Walter Trautschold was the son of the actor and director Gustav Trautschold . He received his artistic training at the Staatliche Kunstgewerbeschule Berlin under Eduard Suhr. Trautschold made a name for himself as a painter in his early twenties, his favorite subject initially being nude and full-body portraits of young women. Later he also created sculptures and designed sets for the theater.

As the older brother of the actress Ilse Trautschold, Walter Trautschold quickly made contact with the cabaret scene and maintained close contact with the famous " Catacomb ". For this cabaret he worked as a draftsman and illustrator and challenged Nazi politics several times with his work. Thereupon, on May 10, 1935, Goebbels ordered the transfer ... [of the catacombs members] ... “to a camp with physical labor for a period of six weeks.
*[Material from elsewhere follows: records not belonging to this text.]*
(* The map $\zeta\mapsto z(\zeta)=h_E(\zeta)+ih_N(\zeta)-h_W(\zeta)-ih_S(\zeta)$ is an orientation-preserving diffeomorphism from the unit disc $\mathbb D$ onto $\diamondsuit=\{x+iy:|x|+|y|<1\}$.
   Context: $\gamma_E=(e^{-i\pi/4},e^{i\pi/4})$, $\gamma_N=(e^{i\pi/4},e^{3i\pi/4})$, $\gamma_W=(e^{3i\pi/4},e^{5i\pi/4})$, $\gamma_S=(e^{5i\pi/4},e^{7i\pi/4})$ are the four counterclockwise boundary arcs of the unit disc $\mathbb D$, and $h_E,h_N,h_W,h_S$ are their harmonic measures in $\mathbb D$: for $\alpha<\beta<\alpha+2\pi$, $\mathrm{hm}_{\mathbb D}(\zeta;(e^{i\alpha},e^{i\beta}))=\tfrac1\pi\big(\arg(e^{i\beta}-\zeta)-\arg(e^{i\alpha}-\zeta)\big)-\tfrac1{2\pi}(\beta-\alpha)$. *)

theory Defs
  imports "HOL-Analysis.Analysis"
begin

text \<open>Harmonic measure in the unit disc of the arc from cis alpha counterclockwise to
  cis beta (with alpha < beta < alpha + 2 pi).  The difference
  arg(cis beta - z) - arg(cis alpha - z) (continuous branch) is the counterclockwise angle
  from cis alpha - z to cis beta - z, which lies in (0, 2 pi) for z in the disc; it is
  Arg2pi of the quotient.\<close>
definition hm_disc :: "complex \<Rightarrow> real \<Rightarrow> real \<Rightarrow> real" where
  "hm_disc z \<alpha> \<beta> =
     (1 / pi) * Arg2pi ((cis \<beta> - z) / (cis \<alpha> - z)) - (\<beta> - \<alpha>) / (2 * pi)"

definition h_E :: "complex \<Rightarrow> real" where "h_E z = hm_disc z (- pi/4) (pi/4)"
definition h_N :: "complex \<Rightarrow> real" where "h_N z = hm_disc z (pi/4) (3*pi/4)"
definition h_W :: "complex \<Rightarrow> real" where "h_W z = hm_disc z (3*pi/4) (5*pi/4)"
definition h_S :: "complex \<Rightarrow> real" where "h_S z = hm_disc z (5*pi/4) (7*pi/4)"

definition zmap :: "complex \<Rightarrow> complex" where
  "zmap \<zeta> = of_real (h_E \<zeta>) + \<i> * of_real (h_N \<zeta>) - of_real (h_W \<zeta>) - \<i> * of_real (h_S \<zeta>)"

definition diamond :: "complex set" where
  "diamond = {w. \<bar>Re w\<bar> + \<bar>Im w\<bar> < 1}"

definition dir_deriv :: "complex \<Rightarrow> (complex \<Rightarrow> complex) \<Rightarrow> complex \<Rightarrow> complex" where
  "dir_deriv v f x = vector_derivative (\<lambda>t::real. f (x + of_real t * v)) (at 0)"

definition smooth_on :: "complex set \<Rightarrow> (complex \<Rightarrow> complex) \<Rightarrow> bool" where
  "smooth_on S f \<longleftrightarrow> open S \<and>
     (\<forall>ds :: complex list. continuous_on S (foldr dir_deriv ds f) \<and>
        (\<forall>x\<in>S. foldr dir_deriv ds f differentiable (at x)))"

definition jac_det :: "(complex \<Rightarrow> complex) \<Rightarrow> real" where
  "jac_det L = Re (L 1) * Im (L \<i>) - Im (L 1) * Re (L \<i>)"

definition orientation_preserving_diffeo ::
  "(complex \<Rightarrow> complex) \<Rightarrow> complex set \<Rightarrow> complex set \<Rightarrow> bool" where
  "orientation_preserving_diffeo f S T \<longleftrightarrow>
     bij_betw f S T \<and> smooth_on S f \<and> smooth_on T (inv_into S f) \<and>
     (\<forall>x\<in>S. jac_det (frechet_derivative f (at x)) > 0)"

end

theory Submission
  imports Defs
begin

(*
  For |z| < 1 each harmonic measure of a quarter arc has the closed form
  1/2 - arctan (K -/+ 2 p) / pi with K = (1 + |z|^2) / (1 - |z|^2) and p + i q = sqrt 2 z / (1 - |z|^2),
  and by the identity arctan (K + 2p) - arctan (K - 2p) = arctan (p + q) + arctan (p - q), valid
  because K^2 = 1 + 2p^2 + 2q^2, the map factors as
    z  |->  u = sqrt 2 z / (1 - |z|^2)  |->  ((a + b) / pi, (a - b) / pi),   a = arctan (u1 + u2), b = arctan (u1 - u2).
  The first factor maps the disc diffeomorphically onto the plane, the second maps the plane onto the
  diamond with inverse built from tan; both have positive Jacobian. Smoothness of the map and of its
  inverse follows because all their components are built from Re and Im by field operations, sqrt,
  arctan and tan, a class of functions closed under partial differentiation.
*)

section \<open>Smooth real functions on a plane domain\<close>

text \<open>An inductively generated class of real functions on \<open>S\<close>, closed under partial differentiation
  (\<open>smooth_real_on_has_derivative\<close>), which is how smoothness is certified. Sine and cosine are
  included only so that the derivatives of cosine and tangent stay in the class.\<close>

inductive smooth_real_on :: "complex set \<Rightarrow> (complex \<Rightarrow> real) \<Rightarrow> bool" for S where
  smooth_real_on_const: "smooth_real_on S (\<lambda>z. c)"
| smooth_real_on_Re: "smooth_real_on S Re"
| smooth_real_on_Im: "smooth_real_on S Im"
| smooth_real_on_add: "smooth_real_on S f \<Longrightarrow> smooth_real_on S g \<Longrightarrow> smooth_real_on S (\<lambda>z. f z + g z)"
| smooth_real_on_mult: "smooth_real_on S f \<Longrightarrow> smooth_real_on S g \<Longrightarrow> smooth_real_on S (\<lambda>z. f z * g z)"
| smooth_real_on_inverse:
    "smooth_real_on S f \<Longrightarrow> (\<forall>z\<in>S. f z \<noteq> 0) \<Longrightarrow> smooth_real_on S (\<lambda>z. inverse (f z))"
| smooth_real_on_arctan: "smooth_real_on S f \<Longrightarrow> smooth_real_on S (\<lambda>z. arctan (f z))"
| smooth_real_on_sin: "smooth_real_on S f \<Longrightarrow> smooth_real_on S (\<lambda>z. sin (f z))"
| smooth_real_on_cos: "smooth_real_on S f \<Longrightarrow> smooth_real_on S (\<lambda>z. cos (f z))"
| smooth_real_on_tan:
    "smooth_real_on S f \<Longrightarrow> (\<forall>z\<in>S. cos (f z) \<noteq> 0) \<Longrightarrow> smooth_real_on S (\<lambda>z. tan (f z))"
| smooth_real_on_sqrt:
    "smooth_real_on S f \<Longrightarrow> (\<forall>z\<in>S. f z > 0) \<Longrightarrow> smooth_real_on S (\<lambda>z. sqrt (f z))"
| smooth_real_on_cong: "smooth_real_on S f \<Longrightarrow> (\<forall>z\<in>S. f z = g z) \<Longrightarrow> smooth_real_on S g"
The small Esterwegen concentration camp in Emsland was selected for this disciplinary measure. The attempt at intimidation was only half successful because Goebbels had made the calculation without his strongest adversary in the Reich government, Prussia's Prime Minister Hermann Goring . Finck's colleague Käthe Dorsch, a highly respected stage star and his ex-fiancée, had meanwhile spoken out to the future Reichsmarschall for the delinquents. Goering's advisor then wrote to Berlin's Gestapo chief Reinhard Heydrich on June 25, 1935 : “The Prime Minister wishes that the arrested persons be released from custody and that proper proceedings be instituted against them.” “ This process ended with everyone involved an acquittal.
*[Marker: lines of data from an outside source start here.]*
lemma coop_profile_nonpos:
  assumes "0 < G" "0 < w" "0 < x" "w * G \<le> c"
  shows "coop_profile c G w x \<le> 0"
proof (cases "G \<le> x")
  case True
  then show ?thesis using assms by (simp add: coop_profile_def min_le_iff_disj le_divide_eq)
next
  case False
  then have "w * x \<le> c" using assms by (smt (verit) mult_strict_left_mono)
  then show ?thesis using assms by (simp add: coop_profile_def min_le_iff_disj le_divide_eq)
qed

lemma coop_profile_mono_below_peak:
  assumes "0 < c" "0 < G" "0 < w" "0 < x" "x \<le> x0" "w * x0\<^sup>2 \<le> c * G"
  shows "coop_profile c G w x \<le> coop_profile c G w x0"
proof -
  have "x0 / G \<le> c / (w * x0)" using assms by (simp add: field_simps power2_eq_square)
  moreover have "c / (w * x0) \<le> c / (w * x)" using assms by (intro divide_left_mono) auto
  ultimately show ?thesis by (simp add: coop_profile_def)
qed

lemma coop_profile_antimono_above_peak:
  assumes "0 < c" "0 < G" "0 < w" "0 < x0" "x0 \<le> x" "c * G \<le> w * x0\<^sup>2"
  shows "coop_profile c G w x \<le> coop_profile c G w x0"
proof -
  have "c / (w * x0) \<le> x0 / G" using assms by (simp add: field_simps power2_eq_square)
  moreover have "x0 / G \<le> x / G" using assms by (simp add: divide_right_mono)
  ultimately show ?thesis by (simp add: coop_profile_def)
qed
After the war, Trautschold lived in the Berlin artists' colony and supplied the Great Berlin Art Exhibition with his works. Since 1946 he was a member of the Professional Association of Visual Artists Berlin.

Individual evidence

  1. Kay Less : Between the stage and the barracks. Lexicon of persecuted theater, film and music artists from 1933 to 1945 . With a foreword by Paul Spiegel . Metropol, Berlin 2008, ISBN 978-3-938690-10-9 , p. 18.